One in four who work for MPs and peers in Westminster got job through personal connections, report finds

A quarter of all graduates have done an unpaid internship, report finds: PA
A quarter of all graduates have done an unpaid internship, report finds: PA

More than a quarter of staff members that work for MPs and peers in Westminster got their job through personal connections, a new report has revealed.

Almost a third (31 per cent) of Westminster staffers completed unpaid work and a fifth (19 per cent) of these placements lasted longer than six months, research from Sutton Trust shows.

Only half (51 per cent) of these employees found their role through an advert – and more than a quarter (26 per cent) found their job through a personal connection, the report says.

Conservatives were more likely than Labour to have been offered their post through a personal connection (29 per cent to 20 per cent), the research for the social mobility charity finds.

The report highlights that people working in the offices of MPs and peers “form the backbone which runs parliament” and many go on to work in prominent roles in politics, policy and public affairs.

It warns that unpaid internships and the use of personal networks “lock out young people from low and middle-income backgrounds” who lack the wealth or connections to get into the profession.

The research, based on surveys of graduates, employers and members of staff in MPs and peers’ offices, also reveals that a quarter of all graduates (26 per cent) have done an unpaid internship.

In prestigious industries, such as media and the arts - including fashion, theatre and TV - up to 86 per cent of internships on offer are unpaid.

And graduate internships appear to be on the rise, the research finds, with 46 per cent of 21-23 year olds having done one, compared to 37 per cent of 27-29 year olds.

Younger graduates are also more likely to have taken on more than one internship. According to the report, there are around 100,000 interns working in Britain every year, with around 58,000 unpaid.
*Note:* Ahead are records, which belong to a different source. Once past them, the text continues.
(* Let $A$ be a real $n\times n$ matrix with $n\ge2$ and strictly negative diagonal entries. If $A$ is stable, then some $2\times2$ principal submatrix of $A$ is stable.
   Context: A square matrix is stable if all its eigenvalues have strictly negative real part. A principal submatrix is obtained by restricting rows and columns to the same index set. *)

theory Defs
  imports Complex_Main "Jordan_Normal_Form.Char_Poly" "Jordan_Normal_Form.DL_Submatrix"
begin

definition stable_mat :: "real mat \<Rightarrow> bool" where
  "stable_mat A \<longleftrightarrow> (\<forall>z::complex. eigenvalue (map_mat complex_of_real A) z \<longrightarrow> Re z < 0)"

end

theory Submission
  imports Defs "Jordan_Normal_Form.Schur_Decomposition"
begin

(* Over the complex numbers A is similar to an upper triangular matrix (Schur), so
   tr A and tr (A^2) are the sums of the eigenvalues e_k and of their squares.  Since
   Re(e^2) <= (Re e)^2 and all Re e_k < 0, we get for n >= 2
       tr (A^2) = sum Re(e_k^2) <= sum (Re e_k)^2 < (sum Re e_k)^2 = (tr A)^2.
   On the other hand (tr A)^2 - tr (A^2) = sum_{i,k} (a_ii a_kk - a_ik a_ki), so some
   2x2 principal minor with i < k is positive.  The corresponding 2x2 submatrix has
   negative trace and positive determinant, hence both roots of its characteristic
   polynomial z^2 - tr z + det lie in the open left half plane. *)

definition mat_trace :: "'a::comm_ring_1 mat \<Rightarrow> 'a" where
  "mat_trace M = (\<Sum>i<dim_row M. M $$ (i, i))"

lemma mat_trace_mult_comm:
  fixes X Y :: "'a::comm_ring_1 mat"
  assumes "X \<in> carrier_mat n m" "Y \<in> carrier_mat m n"
  shows "mat_trace (X * Y) = mat_trace (Y * X)"
proof -
  have "mat_trace (X * Y) = (\<Sum>i<n. \<Sum>k<m. X $$ (i, k) * Y $$ (k, i))"
    unfolding mat_trace_def using assms
    by (auto simp: scalar_prod_def atLeast0LessThan intro!: sum.cong)
  also have "\<dots> = (\<Sum>k<m. \<Sum>i<n. Y $$ (k, i) * X $$ (i, k))"
    by (subst sum.swap) (simp add: mult.commute)
  also have "\<dots> = mat_trace (Y * X)"
    unfolding mat_trace_def using assms
    by (auto simp: scalar_prod_def atLeast0LessThan intro!: sum.cong)
  finally show ?thesis .
qed

lemma mat_trace_similar:
  fixes A B :: "'a::comm_ring_1 mat"
  assumes "A \<in> carrier_mat n n" "similar_mat_wit A B P Q"
  shows "mat_trace A = mat_trace B"
proof -
  note wit = similar_mat_witD2[OF assms]
  have "mat_trace A = mat_trace (P * (B * Q))"
    using wit by (simp add: assoc_mult_mat[of P n n B n Q n])
  also have "\<dots> = mat_trace ((B * Q) * P)"
    using wit by (intro mat_trace_mult_comm[of _ n n]) auto
  also have "\<dots> = mat_trace B"
    using wit by (simp add: assoc_mult_mat[of B n n Q n P n])
  finally show ?thesis .
qed

lemma upper_triangular_mult_diag:
  fixes B C :: "'a::comm_ring_1 mat"
  assumes "B \<in> carrier_mat n n" "C \<in> carrier_mat n n"
    and "upper_triangular B" "upper_triangular C" and "i < n"
  shows "(B * C) $$ (i, i) = B $$ (i, i) * C $$ (i, i)"
proof -
  have "(B * C) $$ (i, i) = (\<Sum>k\<in>{0..<n}. B $$ (i, k) * C $$ (k, i))"
    using assms by (simp add: scalar_prod_def)
  also have "\<dots> = (\<Sum>k\<in>{i}. B $$ (i, k) * C $$ (k, i))"
  proof (rule sum.mono_neutral_right)
    show "\<forall>k\<in>{0..<n} - {i}. B $$ (i, k) * C $$ (k, i) = 0"
    proof
      fix k assume k: "k \<in> {0..<n} - {i}"
      then consider "k < i" | "i < k" by force
      then show "B $$ (i, k) * C $$ (k, i) = 0"
        using assms k by cases (auto simp: upper_triangular_def)
    qed
  qed (use assms in auto)
  finally show ?thesis by simp
qed
lemma PPT_descent:
  assumes "w \<in> PPT"
  obtains u where "u \<in> PPT'" "u$3 < w$3" "w = matA *v u \<or> w = matB *v u \<or> w = matC *v u"
proof -
  obtain x y z where w: "w = trip x y z" and pos: "x > 0" "y > 0" "z > 0" and "even y"
    and gcd: "gcd3 w = 1" and pyth: "x^2 + y^2 = z^2"
    using assms by (elim PPTE) auto
  note bounds = PPT_bounds[OF assms[unfolded w]]
  define p where "p = x + 2*y - 2*z"
  define q where "q = 2*x + y - 2*z"
  define r where "r = 3*z - 2*x - 2*y"
  have parent: "w = matB *v trip p q r"
    by (simp add: w matB_trip trip_eq_iff p_def q_def r_def)
  have "0 < r" "r < z"
    using bounds by (auto simp: r_def)
  have "odd p" "even q"
    using bounds(5) \<open>even y\<close> by (auto simp: p_def q_def)
  have "gcd p (gcd q r) = 1"
    using gcd gcd3_eq_1_if_image parent by fastforce
  have "p^2 + q^2 = r^2"
    using pyth by (simp add: p_def q_def r_def power2_eq_square algebra_simps)
  \<comment> \<open>\<open>p < 0\<close> means \<open>x < 2(z - y)\<close>, and multiplying by \<open>z + y\<close> gives \<open>z + y < 2x\<close>;
    likewise \<open>q < 0\<close> gives \<open>z + x < 2y\<close>, and together they contradict \<open>2x + 2y < 3z\<close>.\<close>
  have not_both_neg: "\<not> (p < 0 \<and> q < 0)"
  proof
    assume neg: "p < 0 \<and> q < 0"
    have sq: "x*x + y*y = z*z"
      using pyth by (simp add: power2_eq_square)
    have "x * (z + y) < 2 * (z - y) * (z + y)"
      using neg pos by (intro mult_strict_right_mono) (auto simp: p_def)
    also have "\<dots> = x * (2 * x)"
      using sq by (simp add: algebra_simps)
    finally have "z + y < 2 * x"
      using pos by (simp add: mult_less_cancel_left_pos)
    have "y * (z + x) < 2 * (z - x) * (z + x)"
      using neg pos by (intro mult_strict_right_mono) (auto simp: q_def)
    also have "\<dots> = y * (2 * y)"
      using sq by (simp add: algebra_simps)
    finally have "z + x < 2 * y"
      using pos by (simp add: mult_less_cancel_left_pos)
    with \<open>z + y < 2 * x\<close> bounds(4) pos show False
      by linarith
  qed
  define u where "u = trip \<bar>p\<bar> \<bar>q\<bar> r"
  have "u \<in> PPT'"
    unfolding u_def
    using \<open>odd p\<close> \<open>even q\<close> \<open>0 < r\<close> \<open>gcd p (gcd q r) = 1\<close> \<open>p^2 + q^2 = r^2\<close>
    by (intro PPT'_intro) auto
  moreover have "w = matA *v u \<or> w = matB *v u \<or> w = matC *v u"
    using parent not_both_neg \<open>odd p\<close> unfolding u_def
    by (cases "p > 0"; cases "q \<ge> 0") (auto simp: matA_trip matB_trip matC_trip trip_eq_iff)
  ultimately show ?thesis
    using that \<open>r < z\<close> by (simp add: u_def w)
qed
Commenting on the figures revealing that a quarter of Westminster employees secured their job through personal connections, Sir Peter Lampl, founder of the Sutton Trust, said: “This prevents young people without the same networks from accessing jobs and getting the experience they need.

“This is a major social mobility issue. To address it, job selection in Westminster should be based solely on merit.”
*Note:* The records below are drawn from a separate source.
lemma AE_eq_if_indefinite_integrals_eq:
  fixes h1 h2 :: "real \<Rightarrow> real"
  assumes "a \<le> b"
    and h1: "set_integrable lborel {a..b} h1" and h2: "set_integrable lborel {a..b} h2"
    and eq: "\<And>x. x \<in> {a..b} \<Longrightarrow> integral {a..x} h1 = integral {a..x} h2"
  shows "AE t in lborel. t \<in> {a..b} \<longrightarrow> h1 t = h2 t"
proof -
  define d where "d t = indicator {a..b} t * (h1 t - h2 t)" for t
  have d: "integrable lborel d"
    using set_integral_diff(1)[OF h1 h2] unfolding set_integrable_def d_def by simp
  have initial: "(\<integral>t. indicator {a..x} t * d t \<partial>lborel) = 0" if x: "x \<in> {a..b}" for x
  proof -
    have sub: "{a..x} \<subseteq> {a..b}"
      using x by auto
    have j1: "set_integrable lborel {a..x} h1" and j2: "set_integrable lborel {a..x} h2"
      using set_integrable_subset[OF h1 _ sub] set_integrable_subset[OF h2 _ sub] by auto
    have "(\<integral>t. indicator {a..x} t * d t \<partial>lborel) = (LINT t:{a..x}|lborel. h1 t - h2 t)"
      using sub
      by (auto simp: d_def indicator_def set_lebesgue_integral_def
          intro!: Bochner_Integration.integral_cong)
    also have "\<dots> = integral {a..x} h1 - integral {a..x} h2"
      using set_integral_diff(2)[OF j1 j2]
      by (simp add: set_borel_integral_eq_integral(2)[OF j1] set_borel_integral_eq_integral(2)[OF j2])
    finally show ?thesis
      using eq[OF x] by simp
  qed
  have indicator_d: "integrable lborel (\<lambda>t. indicator A t * d t)" if "A \<in> sets borel" for A
    using integrable_mult_indicator[OF _ d, of A] that by simp
  have "(\<integral>t. indicator {y<..} t * d t \<partial>lborel) = 0" for y
  proof -
    consider "y < a" | "y \<in> {a..b}" | "b < y"
      by fastforce
    then show ?thesis
    proof cases
      case 1
      then have "(\<lambda>t. indicator {y<..} t * d t) = (\<lambda>t. indicator {a..b} t * d t)"
        by (auto simp: d_def indicator_def)
      then show ?thesis
        using initial[of b] \<open>a \<le> b\<close> by simp
    next
      case 2
      then have "(\<lambda>t. indicator {y<..} t * d t) =
          (\<lambda>t. indicator {a..b} t * d t - indicator {a..y} t * d t)"
        by (auto simp: d_def indicator_def)
      then show ?thesis
        using 2 initial[of b] initial[of y] indicator_d[of "{a..b}"] indicator_d[of "{a..y}"] by simp
    next
      case 3
      then have "(\<lambda>t. indicator {y<..} t * d t) = (\<lambda>t. 0)"
        by (auto simp: d_def indicator_def)
      then show ?thesis
        by simp
    qed
  qed
  then have "AE t in lborel. d t = 0"
    by (rule AE_zero_if_integral_greaterThan_zero[OF d])
  then show ?thesis
    by (rule eventually_mono) (simp add: d_def indicator_def)
qed

lemma indefinite_integral_of_bounded_piecewise_derivative:
  fixes f h :: "real \<Rightarrow> real"
  assumes cont: "continuous_on {a..b} f" and S: "finite S"
    and deriv: "\<And>t. t \<in> {a<..<b} - S \<Longrightarrow> (f has_real_derivative h t) (at t)"
    and [measurable]: "h \<in> borel_measurable borel" and bound: "\<And>t. t \<in> {a..b} \<Longrightarrow> \<bar>h t\<bar> \<le> C"
  shows "set_integrable lborel {a..b} h"
    and "\<And>x. x \<in> {a..b} \<Longrightarrow> f x = f a + integral {a..x} h"
proof -
  show "set_integrable lborel {a..b} h"
    unfolding set_integrable_def
    by (rule integrableI_bounded_set_indicator[where B=C])
       (use bound in \<open>auto simp: emeasure_lborel_Icc_eq\<close>)
  fix x assume x: "x \<in> {a..b}"
  have "(h has_integral (f x - f a)) {a..x}"
    by (rule fundamental_theorem_of_calculus_interior_strong[OF S])
       (use x deriv in \<open>auto simp: has_real_derivative_iff_has_vector_derivative
         intro: continuous_on_subset[OF cont]\<close>)
  then show "f x = f a + integral {a..x} h"
    by (simp add: integral_unique)
qed

lemma deriv01_eqI:
  assumes "(u has_real_derivative d) (at x within {0..1})" and "x \<in> {0..1}"
  shows "deriv01 u x = d"
proof -
  have "(u has_real_derivative deriv01 u x) (at x within {0..1})"
    unfolding deriv01_def using assms(1) by (rule someI)
  then show ?thesis
    using assms by (intro vector_derivative_unique_within_closed_interval[of 0 1 x u])
      (simp_all add: has_real_derivative_iff_has_vector_derivative)
qed

lemma deriv01_indefinite_integral:
  assumes "continuous_on {0..1} \<phi>" and "x \<in> {0..1}"
  shows "deriv01 (\<lambda>x. integral {0..x} \<phi>) x = \<phi> x"
  using assms by (intro deriv01_eqI integral_has_real_derivative)

lemma weak_deriv01:
  assumes "set_integrable lborel {0..1} h" and "\<And>x. x \<in> {0..1} \<Longrightarrow> f x = f 0 + integral {0..x} h"
  shows "set_integrable lborel {0..1} (weak_deriv01 f)"
    and "\<And>x. x \<in> {0..1} \<Longrightarrow> f x = f 0 + integral {0..x} (weak_deriv01 f)"
proof -
  have "set_integrable lborel {0..1} (weak_deriv01 f) \<and>
      (\<forall>x\<in>{0..1}. f x = f 0 + integral {0..x} (weak_deriv01 f))"
    unfolding weak_deriv01_def by (rule someI[where x=h]) (use assms in blast)
  then show "set_integrable lborel {0..1} (weak_deriv01 f)"
    and "\<And>x. x \<in> {0..1} \<Longrightarrow> f x = f 0 + integral {0..x} (weak_deriv01 f)"
    by blast+
qed

lemma weak_deriv01_AE_eq:
  assumes h: "set_integrable lborel {0..1} h" and f: "\<And>x. x \<in> {0..1} \<Longrightarrow> f x = f 0 + integral {0..x} h"
  shows "AE t in lborel. t \<in> {0..1} \<longrightarrow> weak_deriv01 f t = h t"
proof (rule AE_eq_if_indefinite_integrals_eq)
  show "integral {0..x} (weak_deriv01 f) = integral {0..x} h" if "x \<in> {0..1}" for x
    using weak_deriv01(2)[OF h f that] f[OF that] by simp
qed (use weak_deriv01(1)[OF h f] h in auto)

lemma W2p_indefinite_integral:
  fixes \<phi> w :: "real \<Rightarrow> real"
  assumes "0 \<le> p" and cont: "continuous_on {0..1} \<phi>" and S: "finite S"
    and deriv: "\<And>t. t \<in> {0<..<1} - S \<Longrightarrow> (\<phi> has_real_derivative w t) (at t)"
    and w[measurable]: "w \<in> borel_measurable borel" and bound: "\<And>t. t \<in> {0..1} \<Longrightarrow> \<bar>w t\<bar> \<le> C"
  shows "W2p p (\<lambda>x. integral {0..x} \<phi>)"
  unfolding W2p_def
proof (intro exI conjI ballI)
  show "((\<lambda>x. integral {0..x} \<phi>) has_real_derivative \<phi> x) (at x within {0..1})" if "x \<in> {0..1}" for x
    using cont that by (rule integral_has_real_derivative)
  note w_integral = indefinite_integral_of_bounded_piecewise_derivative[of 0 1 \<phi> S w C]
  show "set_integrable lborel {0..1} w"
    using w_integral cont S deriv w bound by blast
  show "\<phi> x = \<phi> 0 + integral {0..x} w" if "x \<in> {0..1}" for x
    using w_integral cont S deriv w bound that by blast
  show "set_integrable lborel {0..1} (\<lambda>x. \<bar>w x\<bar> powr p)"
    unfolding set_integrable_def
    by (rule integrableI_bounded_set_indicator[where B="C powr p"])
       (use bound \<open>0 \<le> p\<close> in \<open>auto intro!: AE_I2 powr_mono2\<close>)
qed

lemma energy_eq_integral_of_piecewise_derivative:
  fixes f h :: "real \<Rightarrow> real"
  assumes Gu: "\<And>x. x \<in> {0..1} \<Longrightarrow> G (deriv01 u x) = f x"
    and cont: "continuous_on {0..1} f" and S: "finite S"
    and deriv: "\<And>t. t \<in> {0<..<1} - S \<Longrightarrow> (f has_real_derivative h t) (at t)"
    and h_meas[measurable]: "h \<in> borel_measurable borel" and bound: "\<And>t. t \<in> {0..1} \<Longrightarrow> \<bar>h t\<bar> \<le> C"
  shows "energy G p u = (LINT x:{0..1}|lborel. \<bar>h x\<bar> powr p)"
proof -
  define F where "F y = G (deriv01 u y)" for y
  have h: "set_integrable lborel {0..1} h" "\<And>x. x \<in> {0..1} \<Longrightarrow> f x = f 0 + integral {0..x} h"
    using indefinite_integral_of_bounded_piecewise_derivative[of 0 1 f S h C] cont S deriv h_meas bound
    by blast+
  have F: "F x = F 0 + integral {0..x} h" if "x \<in> {0..1}" for x
    using h(2)[OF that] Gu[OF that] Gu[of 0] unfolding F_def by simp
  have [measurable]: "(\<lambda>t. indicator {0..1} t * weak_deriv01 F t) \<in> borel_measurable lborel"
    using weak_deriv01(1)[OF h(1) F] unfolding set_integrable_def by (auto dest: borel_measurable_integrable)
  have "energy G p u = (\<integral>t. \<bar>indicator {0..1} t * weak_deriv01 F t\<bar> powr p \<partial>lborel)"
    unfolding energy_def F_def[symmetric] set_lebesgue_integral_def
    by (rule Bochner_Integration.integral_cong) (auto simp: indicator_def)
  also have "\<dots> = (\<integral>t. \<bar>indicator {0..1} t * h t\<bar> powr p \<partial>lborel)"
  proof (rule integral_cong_AE)
    show "AE t in lborel.
        \<bar>indicator {0..1} t * weak_deriv01 F t\<bar> powr p = \<bar>indicator {0..1} t * h t\<bar> powr p"
      using weak_deriv01_AE_eq[OF h(1) F] by (rule eventually_mono) (auto simp: indicator_def)
  qed measurable
  also have "\<dots> = (LINT x:{0..1}|lborel. \<bar>h x\<bar> powr p)"
    unfolding set_lebesgue_integral_def
    by (rule Bochner_Integration.integral_cong) (auto simp: indicator_def)
  finally show ?thesis .
qed

lemma energy_nonneg: "0 \<le> energy G p u"
  unfolding energy_def set_lebesgue_integral_def by (rule Bochner_Integration.integral_nonneg) simp

lemma has_real_derivative_between_plateaus:
  fixes f f' :: "real \<Rightarrow> real"
  assumes left: "\<And>t. t \<le> a \<Longrightarrow> f t = c" and right: "\<And>t. b \<le> t \<Longrightarrow> f t = d"
    and mid: "\<And>t. a < t \<Longrightarrow> t < b \<Longrightarrow> (f has_real_derivative f' t) (at t)"
    and t: "t \<notin> {a, b}"
  shows "(f has_real_derivative indicator {a<..<b} t * f' t) (at t)"
proof -
  consider "t < a" | "a < t" "t < b" | "b < t"
    using t by force
  then show ?thesis
  proof cases
    case 1
    have "((\<lambda>_. c) has_real_derivative 0) (at t)"
      by simp
    then have "(f has_real_derivative 0) (at t)"
      by (rule has_field_derivative_transform_within_open[where S="{..<a}"]) (use 1 left in auto)
    then show ?thesis
      using 1 by simp
  next
    case 2
    then show ?thesis
      using mid by simp
  next
    case 3
    have "((\<lambda>_. d) has_real_derivative 0) (at t)"
      by simp
    then have "(f has_real_derivative 0) (at t)"
      by (rule has_field_derivative_transform_within_open[where S="{b<..}"]) (use 3 right in auto)
    then show ?thesis
      using 3 by simp
  qed
qed

lemma indefinite_integral_reflect:
  fixes \<phi> :: "real \<Rightarrow> real"
  assumes cont: "continuous_on {0..1} \<phi>" and odd: "\<And>t. t \<in> {0..1} \<Longrightarrow> \<phi> (1 - t) = - \<phi> t"
    and x: "x \<in> {0..1}"
  shows "integral {0..1 - x} \<phi> = integral {0..x} \<phi>"
proof -
  define U where "U x = integral {0..x} \<phi>" for x
  define V where "V x = U x - U (1 - x)" for x
  have U: "(U has_real_derivative \<phi> x) (at x within {0..1})" if "x \<in> {0..1}" for x
    unfolding U_def using cont that by (rule integral_has_real_derivative)
  have reflect: "(\<lambda>x. 1 - x) ` {0..1} = {0..1::real}"
    by (auto simp: image_iff intro!: bexI[where x="1 - _"])
  have "(V has_real_derivative 0) (at x within {0..1})" if x: "x \<in> {0..1}" for x
  proof -
    have "(U has_real_derivative \<phi> (1 - x)) (at (1 - x) within (\<lambda>x. 1 - x) ` {0..1})"
      unfolding reflect using U x by simp
    moreover have "((\<lambda>x. 1 - x) has_real_derivative -1) (at x within {0..1})"
      by (auto intro!: derivative_eq_intros)
    ultimately have "(U \<circ> (\<lambda>x. 1 - x) has_real_derivative \<phi> (1 - x) * -1) (at x within {0..1})"
      by (rule DERIV_image_chain)
    then have "(V has_real_derivative \<phi> x - \<phi> (1 - x) * -1) (at x within {0..1})"
      unfolding V_def o_def using U[OF x] by (intro DERIV_diff)
    then show ?thesis
      using odd[OF x] by simp
  qed
  then obtain k where "\<And>x. x \<in> {0..1} \<Longrightarrow> V x = k"
    using has_field_derivative_zero_constant[of "{0..1::real}" V] by auto
  then have "V x = V 0" and "V 1 = V 0"
    using x by auto
  then show ?thesis
    by (simp add: V_def U_def)
qed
The charity is calling for all internships longer than one month to be paid at least the national minimum wage of £7.05 for 21 to 24-year-olds, and ideally the Living Wage of £9 per hour.

Sir Peter added: “Outlawing the exclusionary practice of unpaid internships is a good place to start. We also need fair and transparent recruitment practices. Internship positions should be advertised publicly, rather than filled informally.”

The report has been published on the same day a bill to ban unpaid internships over four weeks in length is brought to the House of Commons.

In an open letter published on Friday, Conservative peer Lord Holmes of Richmond has called on the Government to end the scandal of unpaid internships.

He writes: “One of the most pernicious ways in which the advantages of the fortunate few are entrenched is through the illegal yet widespread practice of unpaid internships.

“Inevitably and obviously only those who can afford to work free are able to access these opportunities which in turn lead to paid jobs and ultimately careers in areas such as journalism, fashion and, most shockingly, politics.”